(* Let $(N,\mathcal{M})$ be a matroid of rank $K\ge 1$ and $Z:2^N\to\mathbb{R}$ a monotone submodular function with $Z(\emptyset)=0$ and curvature $c$. Let $\Omega$ be an optimal basis, i.e. $\Omega\in\mathcal{M}$, $|\Omega|=K$ and $Z(\Omega)=\max\{Z(S):S\in\mathcal{M}\}$, and assume $Z(\Omega)>0$. Let $G=G^K$ be the output of any run of the GREEDY algorithm (with arbitrary tie-breaking), with discriminants $d_i$ and index $i_0$ as defined in the context, and let $d_{\min}=\min_{i<i_0} d_i$ (with $d_{\min}=\infty$ if there is no $i<i_0$). Then $$\frac{Z(G)}{Z(\Omega)}\;\ge\;\min\left(1,\ \frac{1}{c+\max_{i<i_0}\frac{1}{d_i}}\right)=\min\left(1,\ \frac{1}{c+\frac{1}{d_{\min}}}\right),$$ with the conventions $1/\infty=0$ and $1/0=\infty$ (so the right-hand side is $1$ when $c+1/d_{\min}=0$).
   Context: A matroid $(N,\mathcal{M})$ on a finite ground set $N$ is a family $\mathcal{M}\subseteq 2^N$ of "independent sets" with $\emptyset\in\mathcal{M}$, closed under taking subsets, and satisfying augmentation: if $S,T\in\mathcal{M}$ and $|T|>|S|$ then there is $x\in T\setminus S$ with $S\cup\{x\}\in\mathcal{M}$. Its rank $K$ is the maximum cardinality of an independent set; a basis is an independent set of cardinality $K$. For $S\subseteq N$ and $q\in N$, $\rho_q(S)=Z(S\cup\{q\})-Z(S)$. $Z$ is monotone if $Z(S)\le Z(T)$ for $S\subseteq T$, and submodular if $\rho_x(T)\le\rho_x(S)$ whenever $S\subseteq T\subseteq N$, $x\notin T$. The curvature of $Z$ is $c=1-\min\{\rho_j(S)/\rho_j(\emptyset): S\subseteq N,\ j\in N\setminus S,\ \rho_j(\emptyset)>0\}$. For $S\subseteq N$, $S_\bot=\{j\in N\setminus S: S\cup\{j\}\in\mathcal{M}\}$. GREEDY algorithm: set $G^0=\emptyset$; for $i=1,\dots,K$, choose $g_i\in\arg\max\{\rho_q(G^{i-1}): q\in G^{i-1}_\bot\}$ (ties broken arbitrarily) and set $G^i=G^{i-1}\cup\{g_i\}$; output $G=G^K$. Write $\rho_i=\rho_{g_i}(G^{i-1})$. Discriminant at iteration $i$: $d_i=\rho_{g_i}(G^{i-1})/\max\{\rho_{g'}(G^{i-1}): g'\in G^{i-1}_\bot,\ g'\neq g_i\}$, with $d_i=\infty$ if that maximum is $0$. $i_0=\min\{i\in\{1,\dots,K\}: |G^{i-1}_\bot|=K-i+1\}$ (this set is nonempty, since $|G^{K-1}_\bot|\ge 1$ and any larger value would allow independent sets of size $K+1$... in any case set $i_0=K+1$ if it is empty). *)

theory Defs
  imports Complex_Main "HOL-Library.Extended_Real"
begin
lemma energy_has_derivative:
  assumes "t \<in> J"
  shows "((\<lambda>t. energy L zstar c t (z t) (v t)) has_real_derivative energy_rate t) (at t within J)"
proof -
  define s where "s = t + 2"
  have s: "s > 0" using J_nonneg[OF assms] by (simp add: s_def)
  define p where "p = z t - zstar"
  define g where "g = gradL (extrapolated t)"
  have dz: "((\<lambda>t. z t - zstar) has_vector_derivative v t) (at t within J)"
    using z_deriv[OF assms] by (auto intro!: derivative_eq_intros)
  note dv = v_has_derivative[OF assms]
  note weights = energy_weights_has_derivative[OF s[unfolded s_def], where S = J]
  have dB2: "((\<lambda>t. (t + 2 + 2) / 2) has_real_derivative 1 / 2) (at t within J)"
    by (auto intro!: derivative_eq_intros)
  have dP: "((\<lambda>t. (z t - zstar) \<bullet> (z t - zstar)) has_real_derivative 2 * (p \<bullet> v t)) (at t within J)"
    using has_real_derivative_inner[OF dz dz] by (simp add: p_def inner_commute)
  have dX: "((\<lambda>t. (z t - zstar) \<bullet> v t) has_real_derivative
      v t \<bullet> v t + (- 3 / s * (p \<bullet> v t) - c * (g \<bullet> p))) (at t within J)"
    using has_real_derivative_inner[OF dz dv]
    by (simp add: p_def g_def s_def inner_diff_right inner_commute algebra_simps)
  have dU: "((\<lambda>t. v t \<bullet> v t) has_real_derivative 2 * (- 3 / s * (v t \<bullet> v t) - c * (g \<bullet> v t)))
      (at t within J)"
    using has_real_derivative_inner[OF dv dv]
    by (simp add: g_def s_def inner_diff_left inner_diff_right inner_commute algebra_simps)
  have \<beta>: "betabar t = 1 - 3 / s" using s by (simp add: betabar_def s_def field_simps)
  have gy: "g \<bullet> (extrapolated t - zstar) = g \<bullet> p + betabar t * (g \<bullet> v t)"
    by (simp add: extrapolated_def p_def inner_diff_right inner_add_right algebra_simps)
  have t4: "t + 4 = s + 2" by (simp add: s_def)
  show ?thesis
    unfolding energy_def energy_form_def extrapolated_def[symmetric]
    apply (rule DERIV_cong)
     apply (rule weights gap_has_derivative[OF assms] dB2 dP dX dU DERIV_add DERIV_mult)+
    unfolding energy_rate_def g_def[symmetric] gy p_def[symmetric] s_def[symmetric] t4
    using s by (simp add: \<beta> gap_weight_def field_simps power2_eq_square)
qed

lemma energy_rate_le:
  assumes "t \<in> J"
  shows "energy_rate t \<le> - c * gap_weight c (t + 2) * betabar t * (gradL (extrapolated t) \<bullet> gradL (extrapolated t))"
proof -
  have t: "t \<ge> 0" using J_nonneg[OF assms] .
  have "L (extrapolated t) + gradL (extrapolated t) \<bullet> (zstar - extrapolated t) \<le> L zstar"
    by (rule convex_gradient_inequality[OF has_derivative_L convex_L])
  then have "0 \<le> gradL (extrapolated t) \<bullet> (extrapolated t - zstar) - (L (extrapolated t) - L zstar)"
    by (simp add: inner_diff_right)
  then have "0 \<le> c * (t + 4) / 2 * (gradL (extrapolated t) \<bullet> (extrapolated t - zstar)
      - (L (extrapolated t) - L zstar))"
    using t c_pos by simp
  moreover have "0 \<le> 3 / (2 * (t + 2)\<^sup>2) * ((z t - zstar) \<bullet> (z t - zstar))"
    by simp
  moreover have "0 \<le> (7 / 8 - 3 / (2 * (t + 2)) + 63 / (2 * (t + 2)\<^sup>2)) * (v t \<bullet> v t)"
  proof -
    have "3 / (2 * (t + 2)) \<le> 3 / 4" using t by (simp add: field_simps)
    moreover have "0 \<le> 63 / (2 * (t + 2)\<^sup>2)" by simp
    ultimately show ?thesis by simp
  qed
  ultimately show ?thesis unfolding energy_rate_def by linarith
qed
lemma energy_rate_nonpos:
  assumes "t \<in> J" and "1 \<le> t"
  shows "energy_rate t \<le> 0"
proof -
  have "0 \<le> c * gap_weight c (t + 2) * betabar t * (gradL (extrapolated t) \<bullet> gradL (extrapolated t))"
    using assms c_pos by (simp add: gap_weight_def betabar_def)
  with energy_rate_le[OF assms(1)] show ?thesis by linarith
qed
(* For every $m \in \mathbb{N}$, the $m$-uniform hypergraph $\mathcal{H}_m = (V, \mathcal{E}_s \cup \mathcal{E}_p)$ defined below admits no polychromatic coloring with $2$ colors, i.e., for every coloring $\phi\colon V \to \{\text{red},\text{blue}\}$ some hyperedge of $\mathcal{H}_m$ is monochromatic.
   Context: Construction of $\mathcal{H}_m$: first a rooted forest $F_m$ with $m^m$ trees is built, whose vertices are partitioned into "stages"; each stage $S$ carries a total order $<_S$, and all vertices of a stage have the same distance $j$ (the level of $S$) to the root of their tree; a stage on level $j \in \{0,\dots,m-1\}$ has $m^{m-j}$ vertices. Start with $m^m$ roots, which form the unique stage on level $0$, ordered in an arbitrary fixed way. Then, for every already defined stage $S$ on level $j < m-1$ and every subset $S' \subseteq S$ with $|S'| = m^{m-j-1}$, add a new stage $T(S')$ on level $j+1$ consisting of $m^{m-j-1}$ new vertices such that every vertex of $S'$ gets exactly one child from $T(S')$, and order $T(S')$ by $<_{T(S')}$ as their parents are ordered by $<_S$. The hypergraph $\mathcal{H}_m$ has vertex set $V = V(F_m)$ and two kinds of hyperedges: stage-hyperedges $\mathcal{E}_s$, namely for every stage $S$ each set of $m$ consecutive vertices in $<_S$; and path-hyperedges $\mathcal{E}_p$, namely the vertex set of every root-to-leaf path in $F_m$ (leaves are on level $m-1$). A $2$-coloring is polychromatic if every hyperedge contains vertices of both colors. *)

theory Defs
  imports Main
begin

text \<open>
  A stage on level j is encoded by the list
  As = [A_0, ..., A_(j-1)] of subset choices made along the way: the root stage
  (level 0) is the empty list, and the stage T(S') obtained from stage As by
  choosing the subset S' is As @ [A], where A is the set of positions (w.r.t. the
  order of stage As) of the vertices of S'.  Positions in a stage on level j are
  0 ..< m^(m-j), and the order of a stage is the natural order of positions.
  A vertex is a pair (As, i): the i-th vertex of stage As.  The i-th vertex of
  T(S') is the child of the i-th element of S' (in the order of the parent stage).
\<close>

type_synonym vertex = "nat set list \<times> nat"

definition is_stage :: "nat \<Rightarrow> nat set list \<Rightarrow> bool" where
  "is_stage m As \<longleftrightarrow> length As \<le> m - 1 \<and>
     (\<forall>k < length As. As ! k \<subseteq> {..< m ^ (m - k)} \<and> card (As ! k) = m ^ (m - k - 1))"

definition level :: "vertex \<Rightarrow> nat" where
  "level v = length (fst v)"

definition vertices :: "nat \<Rightarrow> vertex set" where
  "vertices m = {(As, i). is_stage m As \<and> i < m ^ (m - length As)}"

definition parent :: "vertex \<Rightarrow> vertex" where
  "parent v = (butlast (fst v), sorted_list_of_set (last (fst v)) ! snd v)"

definition stage_edges :: "nat \<Rightarrow> vertex set set" where
  "stage_edges m = {{(As, s + t) | t. t < m} | As s. is_stage m As \<and> s + m \<le> m ^ (m - length As)}"

definition path_edges :: "nat \<Rightarrow> vertex set set" where
  "path_edges m = {{(parent ^^ k) v | k. k \<le> m - 1} | v. v \<in> vertices m \<and> level v = m - 1}"

definition hyperedges :: "nat \<Rightarrow> vertex set set" where
  "hyperedges m = stage_edges m \<union> path_edges m"

datatype color = Red | Blue

definition polychromatic :: "nat \<Rightarrow> (vertex \<Rightarrow> color) \<Rightarrow> bool" where
  "polychromatic m \<phi> \<longleftrightarrow> (\<forall>e \<in> hyperedges m. (\<exists>x \<in> e. \<phi> x = Red) \<and> (\<exists>x \<in> e. \<phi> x = Blue))"

end

theory Submission
  imports Defs
begin

text \<open>
  Suppose every hyperedge had both colours. Then every block of \<open>m\<close> consecutive vertices of
  a stage contains a red vertex, so a stage of size \<open>m * n\<close> has at least \<open>n\<close> red vertices,
  and these can be chosen as the parents of the next stage. Starting at the roots and always
  choosing red parents yields a stage on level \<open>m - 1\<close> all of whose strict ancestors are red.
  That stage is itself a stage-hyperedge, so it contains a red vertex, and the path from the
  root to it is a red path-hyperedge.
\<close>

lemma card_ge_if_every_block_hit:
  assumes "\<forall>k<n. \<exists>t<m. P (k * m + t)"
  shows "n \<le> card {i. i < m * n \<and> P i}"
proof -
  obtain f where f: "\<forall>k<n. f k < m \<and> P (k * m + f k)"
    using assms by metis
  define g where "g k = k * m + f k" for k
  have "g k div m = k" if "k < n" for k
  proof -
    have "f k < m"
      using f that by blast
    then show ?thesis
      unfolding g_def by simp
  qed
  then have "inj_on g {..<n}"
    by (metis inj_onI lessThan_iff)
  moreover have "g ` {..<n} \<subseteq> {i. i < m * n \<and> P i}"
  proof clarify
    fix k assume "k < n"
    then have "g k < (k + 1) * m"
      using f unfolding g_def by simp
    also have "\<dots> \<le> m * n"
      using \<open>k < n\<close> mult_le_mono1[of "Suc k" n m] by (simp add: mult.commute)
    finally show "g k < m * n \<and> P (g k)"
      using f \<open>k < n\<close> unfolding g_def by simp
  qed
  ultimately show ?thesis
    by (metis card_inj_on_le card_lessThan finite_Collect_conjI finite_Collect_less_nat)
qed

lemma is_stage_snoc:
  "is_stage m (As @ [A]) \<longleftrightarrow> is_stage m As \<and> length As < m - 1 \<and>
     A \<subseteq> {..< m ^ (m - length As)} \<and> card A = m ^ (m - length As - 1)"
  unfolding is_stage_def by (auto simp: nth_append less_Suc_eq)

lemma stage_edge_in_stage_edges:
  assumes "is_stage m As" "s + m \<le> m ^ (m - length As)"
  shows "{(As, s + t) | t. t < m} \<in> stage_edges m"
  using assms unfolding stage_edges_def by blast

lemma funpow_parent_snoc:
  "(parent ^^ Suc k) (As @ [A], i) = (parent ^^ k) (As, sorted_list_of_set A ! i)"
  by (simp add: funpow_Suc_right parent_def del: funpow.simps)

definition ancestors_red :: "(vertex \<Rightarrow> color) \<Rightarrow> vertex \<Rightarrow> bool" where
  "ancestors_red \<phi> v \<longleftrightarrow> (\<forall>k \<in> {1..level v}. \<phi> ((parent ^^ k) v) = Red)"

lemma red_path_if_ancestors_red:
  assumes "\<phi> v = Red" "ancestors_red \<phi> v" "k \<le> level v"
  shows "\<phi> ((parent ^^ k) v) = Red"
proof (cases "k = 0")
  case False
  then have "k \<in> {1..level v}"
    using assms(3) by simp
  then show ?thesis
    using assms(2) unfolding ancestors_red_def by blast
qed (use assms(1) in simp)

lemma ancestors_red_snocI:
  assumes "\<phi> (As, sorted_list_of_set A ! i) = Red" "ancestors_red \<phi> (As, sorted_list_of_set A ! i)"
  shows "ancestors_red \<phi> (As @ [A], i)"
  unfolding ancestors_red_def
proof
  fix k assume "k \<in> {1..level (As @ [A], i)}"
  then obtain k' where k: "k = Suc k'" and "k' \<le> level (As, sorted_list_of_set A ! i)"
    by (cases k) (auto simp: level_def)
  then show "\<phi> ((parent ^^ k) (As @ [A], i)) = Red"
    unfolding k funpow_parent_snoc using assms red_path_if_ancestors_red by blast
qed

lemma red_in_stage_block:
  assumes red: "\<forall>e \<in> stage_edges m. \<exists>x \<in> e. \<phi> x = Red"
    and "is_stage m As" "s + m \<le> m ^ (m - length As)"
  shows "\<exists>t<m. \<phi> (As, s + t) = Red"
proof -
  have "{(As, s + t) | t. t < m} \<in> stage_edges m"
    using assms(2,3) by (rule stage_edge_in_stage_edges)
  then have "\<exists>x \<in> {(As, s + t) | t. t < m}. \<phi> x = Red"
    using red by (rule bspec[rotated])
  then show ?thesis
    by auto
qed

lemma card_red_in_stage_ge:
  assumes red: "\<forall>e \<in> stage_edges m. \<exists>x \<in> e. \<phi> x = Red"
    and "is_stage m As" "m \<ge> 1"
  shows "m ^ (m - length As - 1) \<le> card {i. i < m ^ (m - length As) \<and> \<phi> (As, i) = Red}"
proof -
  define n where "n = m ^ (m - length As - 1)"
  have "length As < m"
    using assms(2,3) unfolding is_stage_def by linarith
  then obtain d where "m - length As = Suc d"
    by (metis Suc_diff_Suc)
  then have size: "m ^ (m - length As) = m * n"
    unfolding n_def by simp
  have "\<exists>t<m. \<phi> (As, k * m + t) = Red" if "k < n" for k
  proof (rule red_in_stage_block[OF red \<open>is_stage m As\<close>])
    show "k * m + m \<le> m ^ (m - length As)"
      unfolding size using that mult_le_mono1[of "Suc k" n m] by (simp add: mult.commute)
  qed
  then show ?thesis
    unfolding size n_def[symmetric] by (intro card_ge_if_every_block_hit) blast
qed

lemma stage_with_red_ancestors_exists:
  assumes red: "\<forall>e \<in> stage_edges m. \<exists>x \<in> e. \<phi> x = Red" and "m \<ge> 1"
  shows "j \<le> m - 1 \<Longrightarrow> \<exists>As. is_stage m As \<and> length As = j \<and>
           (\<forall>i < m ^ (m - j). ancestors_red \<phi> (As, i))"
proof (induction j)
  case 0
  have "is_stage m []" "\<forall>i. ancestors_red \<phi> ([], i)"
    unfolding is_stage_def ancestors_red_def level_def by simp_all
  then show ?case by auto
next
  case (Suc j)
  then obtain As where As: "is_stage m As" "length As = j" "\<forall>i < m ^ (m - j). ancestors_red \<phi> (As, i)"
    using Suc_leD by blast
  define R where "R = {i. i < m ^ (m - j) \<and> \<phi> (As, i) = Red}"
  have "m ^ (m - j - 1) \<le> card R"
    using card_red_in_stage_ge[OF red As(1) \<open>m \<ge> 1\<close>] As(2) unfolding R_def by simp
  then obtain A where A: "A \<subseteq> R" "card A = m ^ (m - j - 1)" "finite A"
    by (rule obtain_subset_with_card_n)
  have "A \<subseteq> {..< m ^ (m - length As)}"
    using A(1) As(2) unfolding R_def by auto
  then have "is_stage m (As @ [A])"
    using As(1,2) A(2) Suc.prems unfolding is_stage_snoc by simp
  moreover have "ancestors_red \<phi> (As @ [A], i)" if "i < m ^ (m - Suc j)" for i
  proof (rule ancestors_red_snocI)
    have "i < length (sorted_list_of_set A)"
      using that A(2) by simp
    then have "sorted_list_of_set A ! i \<in> set (sorted_list_of_set A)"
      by (rule nth_mem)
    then have "sorted_list_of_set A ! i \<in> A"
      using A(3) by simp
    then show "\<phi> (As, sorted_list_of_set A ! i) = Red" "ancestors_red \<phi> (As, sorted_list_of_set A ! i)"
      using A(1) As(3) unfolding R_def by auto
  qed
  moreover have "length (As @ [A]) = Suc j"
    using As(2) by simp
  ultimately show ?case
    by blast
qed

lemma red_path_edge_exists:
  assumes red: "\<forall>e \<in> stage_edges m. \<exists>x \<in> e. \<phi> x = Red" and "m \<ge> 1"
  shows "\<exists>e \<in> path_edges m. \<forall>x \<in> e. \<phi> x = Red"
proof -
  obtain As where As: "is_stage m As" "length As = m - 1" "\<forall>i < m. ancestors_red \<phi> (As, i)"
    using stage_with_red_ancestors_exists[OF red \<open>m \<ge> 1\<close>, of "m - 1"] \<open>m \<ge> 1\<close> by auto
  have "1 \<le> card {i. i < m \<and> \<phi> (As, i) = Red}"
    using card_red_in_stage_ge[OF red As(1) \<open>m \<ge> 1\<close>] As(2) \<open>m \<ge> 1\<close> by simp
  then have "{i. i < m \<and> \<phi> (As, i) = Red} \<noteq> {}"
    by (metis card.empty not_one_le_zero)
  then obtain i where "i < m" "\<phi> (As, i) = Red"
    by blast
  define v where "v = (As, i)"
  have "v \<in> vertices m" "level v = m - 1" "ancestors_red \<phi> v" "\<phi> v = Red"
    using As \<open>i < m\<close> \<open>\<phi> (As, i) = Red\<close> \<open>m \<ge> 1\<close> unfolding vertices_def level_def v_def by auto
  define path where "path = {(parent ^^ k) v | k. k \<le> m - 1}"
  have "path \<in> path_edges m"
    unfolding path_edges_def path_def using \<open>v \<in> vertices m\<close> \<open>level v = m - 1\<close> by blast
  moreover have "\<forall>x \<in> path. \<phi> x = Red"
    unfolding path_def using red_path_if_ancestors_red[OF \<open>\<phi> v = Red\<close> \<open>ancestors_red \<phi> v\<close>] \<open>level v = m - 1\<close>
    by auto
  ultimately show ?thesis
    by blast
qed

theorem theorem9:
  fixes m :: nat
  assumes "m \<ge> 1"
  shows "\<not> (\<exists>\<phi> :: vertex \<Rightarrow> color. polychromatic m \<phi>)"
proof
  assume "\<exists>\<phi> :: vertex \<Rightarrow> color. polychromatic m \<phi>"
  then obtain \<phi> where poly: "polychromatic m \<phi>" ..
  then have "\<forall>e \<in> stage_edges m. \<exists>x \<in> e. \<phi> x = Red"
    unfolding polychromatic_def hyperedges_def by blast
  then obtain e where e: "e \<in> path_edges m" "\<forall>x \<in> e. \<phi> x = Red"
    using red_path_edge_exists assms by blast
  then obtain x where "x \<in> e" "\<phi> x = Blue"
    using poly unfolding polychromatic_def hyperedges_def by blast
  with e(2) show False
    by simp
qed

end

**WHAT YOU ARE ASKED TO DO**
Only the lines containing the word "within" should be returned from the data above.

**ANSWER SECTION**
  shows "((\<lambda>t. energy L zstar c t (z t) (v t)) has_real_derivative energy_rate t) (at t within J)"
  have dz: "((\<lambda>t. z t - zstar) has_vector_derivative v t) (at t within J)"
  have dB2: "((\<lambda>t. (t + 2 + 2) / 2) has_real_derivative 1 / 2) (at t within J)"
  have dP: "((\<lambda>t. (z t - zstar) \<bullet> (z t - zstar)) has_real_derivative 2 * (p \<bullet> v t)) (at t within J)"
      v t \<bullet> v t + (- 3 / s * (p \<bullet> v t) - c * (g \<bullet> p))) (at t within J)"
      (at t within J)"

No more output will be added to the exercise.